→ ACTIVITY:
A line qualifies if it holds the string "with". Copy every qualifying line from the records.

Collection entries:

----------

lemma dlog_prod_mset:
  "\<forall>x\<in>#M. coprime x q \<Longrightarrow> [dlog (\<Prod>\<^sub># M) = (\<Sum>x\<in>#M. dlog x)] (mod totient q)"
proof (induction M)
  case empty
  have "[g ^ 0 = 1] (mod q)" by simp
  then have "[0 = dlog 1] (mod totient q)"
    using pow_cong_iff_dlog[of 1 0] by simp
  then show ?case
    by (simp add: cong_sym)
next
  case (add x M)
  have "coprime (\<Prod>\<^sub># M) q"
    using add.prems by (simp add: prod_mset_coprime)
  then have "[dlog (x * \<Prod>\<^sub># M) = dlog x + dlog (\<Prod>\<^sub># M)] (mod totient q)"
    using add.prems by (intro dlog_mult) auto
  also have "[dlog x + dlog (\<Prod>\<^sub># M) = dlog x + (\<Sum>x\<in>#M. dlog x)] (mod totient q)"
    using add by (intro cong_add) auto
  finally show ?case
    by simp
qed

lemma dlog_minus_one: "dlog (q - 1) = totient q div 2"
proof -
  define d where "d = dlog (q - 1)"
  have cop: "coprime (q - 1) q"
    using modulus_gt_2 by (intro coprime_diff_one_left_nat) simp
  have "[int (q - 1) ^ 2 = (- 1) ^ 2] (mod int q)"
    using modulus_gt_2 by (intro cong_pow) (simp add: cong_iff_dvd_diff)
  then have "[int ((q - 1) ^ 2) = int 1] (mod int q)"
    by simp
  then have "[(q - 1) ^ 2 = 1] (mod q)"
    by (simp only: cong_int_iff)
  moreover have "[(g ^ d) ^ 2 = (q - 1) ^ 2] (mod q)"
    unfolding d_def using pow_dlog_cong[OF cop] by (rule cong_pow)
  then have "[g ^ (2 * d) = (q - 1) ^ 2] (mod q)"
    by (simp add: power_mult mult.commute[of 2])
  ultimately have "totient q dvd 2 * d"
    using ord_divides[of g "2 * d" q] ord_g by (metis cong_trans)
  moreover have "d \<noteq> 0"
  proof
    assume "d = 0"
    then have "[q - 1 = 1] (mod q)"
      using pow_dlog_cong[OF cop] unfolding d_def by (simp add: cong_sym_eq)
    then show False
      using modulus_gt_2 by (simp add: cong_def)
  qed
  moreover have "d < totient q"
    unfolding d_def using cop by (rule dlog_less_totient)
  ultimately have "2 * d = totient q"
  proof -
    obtain k where k: "2 * d = totient q * k"
      using \<open>totient q dvd 2 * d\<close> ..
    have "0 < k"
      using k \<open>d \<noteq> 0\<close> by (cases k) auto
    have "totient q * k < totient q * 2"
      using k \<open>d < totient q\<close> by linarith
    then have "k < 2"
      using mult_less_cancel1 by blast
    with \<open>0 < k\<close> have "k = 1"
      by simp
    with k show ?thesis
      by simp
  qed
  then show ?thesis
    unfolding d_def by simp
qed

lemma dlog_cong: "[x = y] (mod q) \<Longrightarrow> dlog x = dlog y"
  unfolding dlog_def cong_def by simp

lemma dlog_uminus:
  assumes "coprime x q" "coprime y q" and "[x + y = 0] (mod q)"
  shows "[dlog x = totient q div 2 + dlog y] (mod totient q)"
proof -
  have "(q - 1) * y + y = q * y"
    using modulus_gt_2 by (cases q) auto
  moreover have "[q * y = 0] (mod q)"
    by (simp add: cong_0_iff)
  ultimately have "[x + y = (q - 1) * y + y] (mod q)"
    using assms(3) by (metis cong_sym cong_trans)
  then have "[x = (q - 1) * y] (mod q)"
    by (simp only: cong_add_rcancel_nat)
  then have "dlog x = dlog ((q - 1) * y)"
    by (rule dlog_cong)
  moreover have "coprime (q - 1) q"
    using modulus_gt_2 by (intro coprime_diff_one_left_nat) simp
  ultimately show ?thesis
    using dlog_mult[of "q - 1" y] assms(2) dlog_minus_one by simp
qed

lemma odd_ord_pow_iff: "odd (ord q (g ^ i)) \<longleftrightarrow> 2 ^ \<nu> dvd i"
proof -
  obtain w where w: "totient q = 2 ^ \<nu> * w" "odd w"
    using multiplicity_decompose'[of "totient q" 2] modulus_gt_2 by auto
  have "ord q (g ^ i) dvd totient q"
    using coprime_g by (intro ord_divides[THEN iffD1] euler_theorem) (simp add: coprime_commute)
  then have "odd (ord q (g ^ i)) \<longleftrightarrow> ord q (g ^ i) dvd w"
  proof (intro iffI)
    assume "odd (ord q (g ^ i))"
    then have "coprime (ord q (g ^ i)) (2 ^ \<nu>)"
      by simp
    moreover have "ord q (g ^ i) dvd 2 ^ \<nu> * w"
      using \<open>ord q (g ^ i) dvd totient q\<close> by (subst (asm) w(1))
    ultimately show "ord q (g ^ i) dvd w"
      by (simp add: coprime_dvd_mult_right_iff)
  next
    assume "ord q (g ^ i) dvd w"
    with w(2) show "odd (ord q (g ^ i))"
      using dvd_trans[of 2 "ord q (g ^ i)" w] by blast
  qed
  also have "\<dots> \<longleftrightarrow> [(g ^ i) ^ w = 1] (mod q)"
    by (rule ord_divides[symmetric])
  also have "\<dots> \<longleftrightarrow> totient q dvd i * w"
    using ord_divides[of g "i * w" q] ord_g by (simp add: power_mult)
  also have "\<dots> \<longleftrightarrow> 2 ^ \<nu> * w dvd i * w"
    by (subst w(1)) (rule refl)
  also have "\<dots> \<longleftrightarrow> 2 ^ \<nu> dvd i"
    using w(2) by (auto elim: oddE)
  finally show ?thesis .
qed

lemma odd_ord_iff_dlog:
  assumes "coprime x q"
  shows "odd (ord q x) \<longleftrightarrow> 2 ^ \<nu> dvd dlog x"
proof -
  have "ord q x = ord q (g ^ dlog x)"
    using pow_dlog_cong[OF assms] by (intro ord_cong) (rule cong_sym)
  then show ?thesis
    by (simp add: odd_ord_pow_iff)
qed

lemma card_odd_ord:
  "card {x \<in> totatives q. odd (ord q x)} = totient q div 2 ^ \<nu>"
proof -
  let ?f = "\<lambda>i. g ^ i mod q"
  have bij: "bij_betw ?f {..<totient q} (totatives q)"
    using modulus_gt_2 primroot by (intro residue_primroot_is_generator) auto
  have ord_mod: "ord q (x mod q) = ord q x" for x
    by (rule ord_cong) (simp add: cong_def)
  have "{x \<in> totatives q. odd (ord q x)} = ?f ` {i \<in> {..<totient q}. 2 ^ \<nu> dvd i}"
  proof (intro equalityI subsetI)
    fix x assume x: "x \<in> {x \<in> totatives q. odd (ord q x)}"
    then obtain i where "i < totient q" "x = ?f i"
      using bij unfolding bij_betw_def by (metis (no_types, lifting) imageE lessThan_iff mem_Collect_eq)
    with x show "x \<in> ?f ` {i \<in> {..<totient q}. 2 ^ \<nu> dvd i}"
      using odd_ord_pow_iff[of i] by (auto simp: ord_mod)
  next
    fix x assume "x \<in> ?f ` {i \<in> {..<totient q}. 2 ^ \<nu> dvd i}"
    then obtain i where "i < totient q" "2 ^ \<nu> dvd i" "x = ?f i"
      by blast
    then show "x \<in> {x \<in> totatives q. odd (ord q x)}"
      using bij odd_ord_pow_iff[of i] unfolding bij_betw_def by (auto simp: ord_mod)
  qed
  also have "card \<dots> = card {i \<in> {..<totient q}. 2 ^ \<nu> dvd i}"
    using bij unfolding bij_betw_def by (intro card_image) (auto intro: inj_on_subset)
  also have "\<dots> = totient q div 2 ^ \<nu>"
  proof -
    have multiples: "card {i \<in> {..<d * w}. d dvd i} = w" if "d > 0" for d w :: nat
    proof -
      have "{i \<in> {..<d * w}. d dvd i} = (\<lambda>j. d * j) ` {..<w}"
        using that by (auto elim!: dvdE)
      then show ?thesis
        using that by (simp add: card_image inj_on_def)
    qed
    obtain w where "totient q = 2 ^ \<nu> * w"
      using multiplicity_dvd[of 2 "totient q"] by (rule dvdE)
    then show ?thesis
      by (metis multiples nonzero_mult_div_cancel_left pos2 zero_less_power power_not_zero zero_neq_numeral)
  qed
  finally show ?thesis .
qed

lemma cong_gpow_iff:
  assumes "coprime r q"
  shows "cong_gpow q g e r \<longleftrightarrow> [int (dlog r) = e] (mod int (totient q))"
proof (cases "e \<ge> 0")
  case True
  then have "cong_gpow q g e r \<longleftrightarrow> [nat e = dlog r] (mod totient q)"
    using pow_cong_iff_dlog[OF assms] by (simp add: cong_gpow_def cong_sym_eq)
  also have "\<dots> \<longleftrightarrow> [int (dlog r) = e] (mod int (totient q))"
    using True by (simp add: cong_sym_eq flip: cong_int_iff)
  finally show ?thesis .
next
  case False
  have "[r * g ^ nat (- e) = g ^ dlog r * g ^ nat (- e)] (mod q)"
    using pow_dlog_cong[OF assms] by (intro cong_mult) (auto simp: cong_sym)
  then have "cong_gpow q g e r \<longleftrightarrow> [g ^ (dlog r + nat (- e)) = g ^ 0] (mod q)"
    using False by (simp add: cong_gpow_def power_add) (metis cong_sym cong_trans)
  also have "\<dots> \<longleftrightarrow> [dlog r + nat (- e) = 0] (mod totient q)"
    by (rule pow_cong_iff)
  also have "\<dots> \<longleftrightarrow> [int (dlog r + nat (- e)) = int 0] (mod int (totient q))"
    by (rule cong_int_iff[symmetric])
  also have "\<dots> \<longleftrightarrow> [int (dlog r) = e] (mod int (totient q))"
    using False by (simp add: cong_iff_dvd_diff)
  finally show ?thesis .
qed

lemma totient_half_cong:
  "[int (totient q div 2) = 2 ^ (\<nu> - 1)] (mod 2 ^ \<nu>)"
proof -
  obtain w where w: "totient q = 2 ^ \<nu> * w" "odd w"
    using multiplicity_decompose'[of "totient q" 2] modulus_gt_2 by auto
  have "\<nu> \<noteq> 0"
    using totient_even modulus_gt_2 by (simp add: multiplicity_eq_zero_iff)
  then obtain u where "\<nu> = Suc u"
    using not0_implies_Suc by blast
  moreover obtain b where "w = 2 * b + 1"
    using w(2) by (auto elim!: oddE)
  ultimately have "int (totient q div 2) - 2 ^ (\<nu> - 1) = 2 ^ \<nu> * int b"
    by (subst w(1)) (simp add: algebra_simps)
  then show ?thesis
    by (simp add: cong_iff_dvd_diff)
qed

lemma nu_pos: "\<nu> \<ge> 1"
  using totient_even modulus_gt_2 by (simp add: Suc_le_eq multiplicity_gt_zero_iff)

lemma two_power_dvd_int_totient: "2 ^ \<nu> dvd int (totient q)"
  using multiplicity_dvd[of 2 "totient q"] power2_dvd_int_iff by blast

lemma cong_two_power_if_cong_totient:
  assumes "[i = j] (mod totient q)"
  shows "[int i = int j] (mod 2 ^ \<nu>)"
  using assms two_power_dvd_int_totient by (auto simp flip: cong_int_iff intro: cong_dvd_modulus)

lemma cong_gpow_pm_iff:
  assumes "coprime r q"
  shows "(\<exists>e'. cong_gpow q g e' r \<and> ([e' = e] (mod 2 ^ \<nu>) \<or> [e' = - e] (mod 2 ^ \<nu>))) \<longleftrightarrow>
         [int (dlog r) = e] (mod 2 ^ \<nu>) \<or> [int (dlog r) = - e] (mod 2 ^ \<nu>)"
proof
  assume "\<exists>e'. cong_gpow q g e' r \<and> ([e' = e] (mod 2 ^ \<nu>) \<or> [e' = - e] (mod 2 ^ \<nu>))"
  then obtain e' where "cong_gpow q g e' r" and e': "[e' = e] (mod 2 ^ \<nu>) \<or> [e' = - e] (mod 2 ^ \<nu>)"
    by blast
  then have "[int (dlog r) = e'] (mod 2 ^ \<nu>)"
    using assms cong_gpow_iff two_power_dvd_int_totient by (blast intro: cong_dvd_modulus)
  with e' show "[int (dlog r) = e] (mod 2 ^ \<nu>) \<or> [int (dlog r) = - e] (mod 2 ^ \<nu>)"
    using cong_trans by blast
next
  assume "[int (dlog r) = e] (mod 2 ^ \<nu>) \<or> [int (dlog r) = - e] (mod 2 ^ \<nu>)"
  moreover have "cong_gpow q g (int (dlog r)) r"
    using cong_gpow_iff[OF assms] by simp
  ultimately show "\<exists>e'. cong_gpow q g e' r \<and> ([e' = e] (mod 2 ^ \<nu>) \<or> [e' = - e] (mod 2 ^ \<nu>))"
    by blast
qed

----------

→ RESPONSE TO THE EXERCISE:
    with \<open>0 < k\<close> have "k = 1"
    with k show ?thesis
    with w(2) show "odd (ord q (g ^ i))"
    with x show "x \<in> ?f ` {i \<in> {..<totient q}. 2 ^ \<nu> dvd i}"
  with e' show "[int (dlog r) = e] (mod 2 ^ \<nu>) \<or> [int (dlog r) = - e] (mod 2 ^ \<nu>)"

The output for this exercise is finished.